> [PROBLEM DESCRIPTION] Find the string "ultimately" in the data, and copy out each line that has it.

> [Records contained in a dataset]
═══

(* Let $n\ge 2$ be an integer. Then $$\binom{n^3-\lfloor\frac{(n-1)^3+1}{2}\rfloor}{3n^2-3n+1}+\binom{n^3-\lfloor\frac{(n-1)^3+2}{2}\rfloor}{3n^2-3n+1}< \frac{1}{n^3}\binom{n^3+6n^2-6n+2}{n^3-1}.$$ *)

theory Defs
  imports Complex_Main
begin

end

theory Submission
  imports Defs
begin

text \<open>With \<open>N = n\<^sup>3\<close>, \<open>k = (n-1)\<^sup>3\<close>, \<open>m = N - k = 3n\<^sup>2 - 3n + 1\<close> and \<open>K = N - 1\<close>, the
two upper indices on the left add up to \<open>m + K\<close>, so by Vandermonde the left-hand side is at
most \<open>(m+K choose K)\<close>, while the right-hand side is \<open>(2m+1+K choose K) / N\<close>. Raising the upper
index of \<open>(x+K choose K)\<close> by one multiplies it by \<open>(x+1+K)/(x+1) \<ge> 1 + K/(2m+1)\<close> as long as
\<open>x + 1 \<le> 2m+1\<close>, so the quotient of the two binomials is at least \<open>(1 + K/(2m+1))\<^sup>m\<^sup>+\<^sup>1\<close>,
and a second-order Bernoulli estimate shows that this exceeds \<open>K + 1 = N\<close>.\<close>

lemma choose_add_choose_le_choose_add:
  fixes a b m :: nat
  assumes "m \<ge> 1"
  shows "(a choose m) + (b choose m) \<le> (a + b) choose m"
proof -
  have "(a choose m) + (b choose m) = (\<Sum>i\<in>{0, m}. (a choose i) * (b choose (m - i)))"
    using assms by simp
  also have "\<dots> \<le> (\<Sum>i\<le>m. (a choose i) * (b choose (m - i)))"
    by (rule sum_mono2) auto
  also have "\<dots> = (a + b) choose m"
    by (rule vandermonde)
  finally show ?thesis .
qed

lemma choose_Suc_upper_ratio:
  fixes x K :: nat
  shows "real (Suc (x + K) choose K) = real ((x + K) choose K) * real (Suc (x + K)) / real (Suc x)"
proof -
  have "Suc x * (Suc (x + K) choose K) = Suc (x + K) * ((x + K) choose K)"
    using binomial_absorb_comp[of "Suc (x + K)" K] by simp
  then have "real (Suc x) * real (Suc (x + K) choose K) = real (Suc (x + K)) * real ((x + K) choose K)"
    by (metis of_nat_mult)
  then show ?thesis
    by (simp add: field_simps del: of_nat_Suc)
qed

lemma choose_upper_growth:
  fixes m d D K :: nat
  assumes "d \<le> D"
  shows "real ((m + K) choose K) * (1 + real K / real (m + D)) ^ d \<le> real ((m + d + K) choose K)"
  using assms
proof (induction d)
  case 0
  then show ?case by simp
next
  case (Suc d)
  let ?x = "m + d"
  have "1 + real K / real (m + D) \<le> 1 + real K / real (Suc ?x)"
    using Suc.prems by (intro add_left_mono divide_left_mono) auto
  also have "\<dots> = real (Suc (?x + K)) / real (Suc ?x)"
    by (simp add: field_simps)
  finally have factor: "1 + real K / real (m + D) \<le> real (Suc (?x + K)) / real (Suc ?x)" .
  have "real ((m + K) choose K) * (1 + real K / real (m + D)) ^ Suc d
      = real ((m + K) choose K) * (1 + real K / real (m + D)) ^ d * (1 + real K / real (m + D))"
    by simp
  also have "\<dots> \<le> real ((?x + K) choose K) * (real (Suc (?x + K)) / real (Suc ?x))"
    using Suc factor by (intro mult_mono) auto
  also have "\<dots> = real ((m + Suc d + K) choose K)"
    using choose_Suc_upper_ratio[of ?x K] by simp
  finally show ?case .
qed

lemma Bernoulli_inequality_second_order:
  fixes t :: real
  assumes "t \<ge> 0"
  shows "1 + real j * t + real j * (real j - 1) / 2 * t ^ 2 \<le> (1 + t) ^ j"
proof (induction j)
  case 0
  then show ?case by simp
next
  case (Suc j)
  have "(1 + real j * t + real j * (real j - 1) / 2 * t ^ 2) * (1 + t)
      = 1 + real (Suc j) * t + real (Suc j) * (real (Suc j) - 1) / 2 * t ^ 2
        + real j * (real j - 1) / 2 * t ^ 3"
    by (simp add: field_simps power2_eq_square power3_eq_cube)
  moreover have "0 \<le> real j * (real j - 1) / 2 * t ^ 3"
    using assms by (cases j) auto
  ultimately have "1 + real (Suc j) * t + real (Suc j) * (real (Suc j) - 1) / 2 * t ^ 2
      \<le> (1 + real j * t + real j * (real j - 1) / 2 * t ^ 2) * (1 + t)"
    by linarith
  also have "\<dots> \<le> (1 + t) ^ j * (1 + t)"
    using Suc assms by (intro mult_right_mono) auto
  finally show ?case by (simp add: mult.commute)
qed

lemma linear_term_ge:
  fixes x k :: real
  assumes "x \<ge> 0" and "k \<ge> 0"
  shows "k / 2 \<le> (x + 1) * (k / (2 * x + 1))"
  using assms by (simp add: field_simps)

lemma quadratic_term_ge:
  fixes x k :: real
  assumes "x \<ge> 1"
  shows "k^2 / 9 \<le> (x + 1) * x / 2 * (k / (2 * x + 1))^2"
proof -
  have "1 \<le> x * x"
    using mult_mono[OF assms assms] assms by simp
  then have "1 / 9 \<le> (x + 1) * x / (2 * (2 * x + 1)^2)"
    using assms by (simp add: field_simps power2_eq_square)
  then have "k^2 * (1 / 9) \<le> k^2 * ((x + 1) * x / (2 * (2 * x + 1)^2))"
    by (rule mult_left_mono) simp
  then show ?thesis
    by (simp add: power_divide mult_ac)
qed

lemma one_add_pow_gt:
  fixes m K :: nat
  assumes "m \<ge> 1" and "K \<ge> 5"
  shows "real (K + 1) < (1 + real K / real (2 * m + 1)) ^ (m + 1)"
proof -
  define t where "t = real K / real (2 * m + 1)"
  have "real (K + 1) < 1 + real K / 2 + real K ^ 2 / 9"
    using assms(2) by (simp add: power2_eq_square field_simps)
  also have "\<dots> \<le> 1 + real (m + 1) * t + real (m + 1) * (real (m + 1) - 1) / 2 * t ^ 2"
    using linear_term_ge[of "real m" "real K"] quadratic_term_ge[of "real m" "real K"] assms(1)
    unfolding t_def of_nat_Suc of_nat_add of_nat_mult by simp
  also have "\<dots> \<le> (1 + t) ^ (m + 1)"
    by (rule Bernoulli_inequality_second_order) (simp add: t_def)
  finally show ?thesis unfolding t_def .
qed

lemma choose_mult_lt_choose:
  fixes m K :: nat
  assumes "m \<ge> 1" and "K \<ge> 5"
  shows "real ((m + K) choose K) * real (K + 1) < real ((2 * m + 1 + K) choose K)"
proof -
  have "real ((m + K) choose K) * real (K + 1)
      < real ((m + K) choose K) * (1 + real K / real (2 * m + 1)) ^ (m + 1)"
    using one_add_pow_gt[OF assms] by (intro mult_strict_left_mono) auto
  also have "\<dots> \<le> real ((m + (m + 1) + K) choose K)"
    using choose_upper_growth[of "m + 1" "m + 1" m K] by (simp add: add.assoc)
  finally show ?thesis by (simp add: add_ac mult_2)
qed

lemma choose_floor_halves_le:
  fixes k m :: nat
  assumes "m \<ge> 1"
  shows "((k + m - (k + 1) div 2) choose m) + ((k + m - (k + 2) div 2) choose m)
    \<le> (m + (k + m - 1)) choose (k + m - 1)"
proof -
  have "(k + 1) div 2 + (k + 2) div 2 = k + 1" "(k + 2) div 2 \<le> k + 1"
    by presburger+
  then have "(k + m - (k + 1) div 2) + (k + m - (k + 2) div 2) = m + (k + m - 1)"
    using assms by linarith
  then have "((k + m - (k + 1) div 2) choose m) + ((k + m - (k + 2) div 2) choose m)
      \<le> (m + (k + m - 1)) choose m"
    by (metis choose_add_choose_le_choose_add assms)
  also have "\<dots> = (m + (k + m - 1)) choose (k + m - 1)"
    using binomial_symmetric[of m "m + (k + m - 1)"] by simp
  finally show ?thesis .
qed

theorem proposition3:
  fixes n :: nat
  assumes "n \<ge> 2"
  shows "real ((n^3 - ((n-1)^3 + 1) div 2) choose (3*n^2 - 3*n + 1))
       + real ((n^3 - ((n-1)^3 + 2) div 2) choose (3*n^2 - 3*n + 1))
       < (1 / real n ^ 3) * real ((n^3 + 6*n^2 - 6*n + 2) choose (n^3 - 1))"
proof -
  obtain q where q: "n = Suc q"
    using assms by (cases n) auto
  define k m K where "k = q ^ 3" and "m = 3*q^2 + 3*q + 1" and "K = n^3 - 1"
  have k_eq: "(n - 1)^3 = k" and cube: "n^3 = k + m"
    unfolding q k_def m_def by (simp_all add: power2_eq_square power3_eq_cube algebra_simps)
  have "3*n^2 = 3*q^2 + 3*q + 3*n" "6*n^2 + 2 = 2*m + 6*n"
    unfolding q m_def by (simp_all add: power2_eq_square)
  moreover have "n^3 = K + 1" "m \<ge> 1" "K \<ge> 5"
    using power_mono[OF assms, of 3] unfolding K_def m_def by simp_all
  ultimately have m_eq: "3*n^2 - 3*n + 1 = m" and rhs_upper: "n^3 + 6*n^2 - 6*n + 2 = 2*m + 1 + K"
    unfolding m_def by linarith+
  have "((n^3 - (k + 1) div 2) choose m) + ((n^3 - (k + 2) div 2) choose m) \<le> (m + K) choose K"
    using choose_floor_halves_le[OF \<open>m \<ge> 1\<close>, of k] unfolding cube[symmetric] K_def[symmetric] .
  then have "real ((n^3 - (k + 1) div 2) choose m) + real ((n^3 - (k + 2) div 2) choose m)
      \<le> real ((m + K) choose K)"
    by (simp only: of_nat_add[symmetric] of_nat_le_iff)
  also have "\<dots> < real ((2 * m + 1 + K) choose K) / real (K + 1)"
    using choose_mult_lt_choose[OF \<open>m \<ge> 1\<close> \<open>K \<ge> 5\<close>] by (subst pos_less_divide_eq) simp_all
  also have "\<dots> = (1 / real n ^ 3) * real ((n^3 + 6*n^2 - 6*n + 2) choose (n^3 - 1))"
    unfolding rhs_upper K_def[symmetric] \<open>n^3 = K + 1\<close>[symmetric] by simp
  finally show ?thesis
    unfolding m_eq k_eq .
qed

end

═══

> [TASK SOLUTION]
  ultimately have "1 + real (Suc j) * t + real (Suc j) * (real (Suc j) - 1) / 2 * t ^ 2
  ultimately have m_eq: "3*n^2 - 3*n + 1 = m" and rhs_upper: "n^3 + 6*n^2 - 6*n + 2 = 2*m + 1 + K"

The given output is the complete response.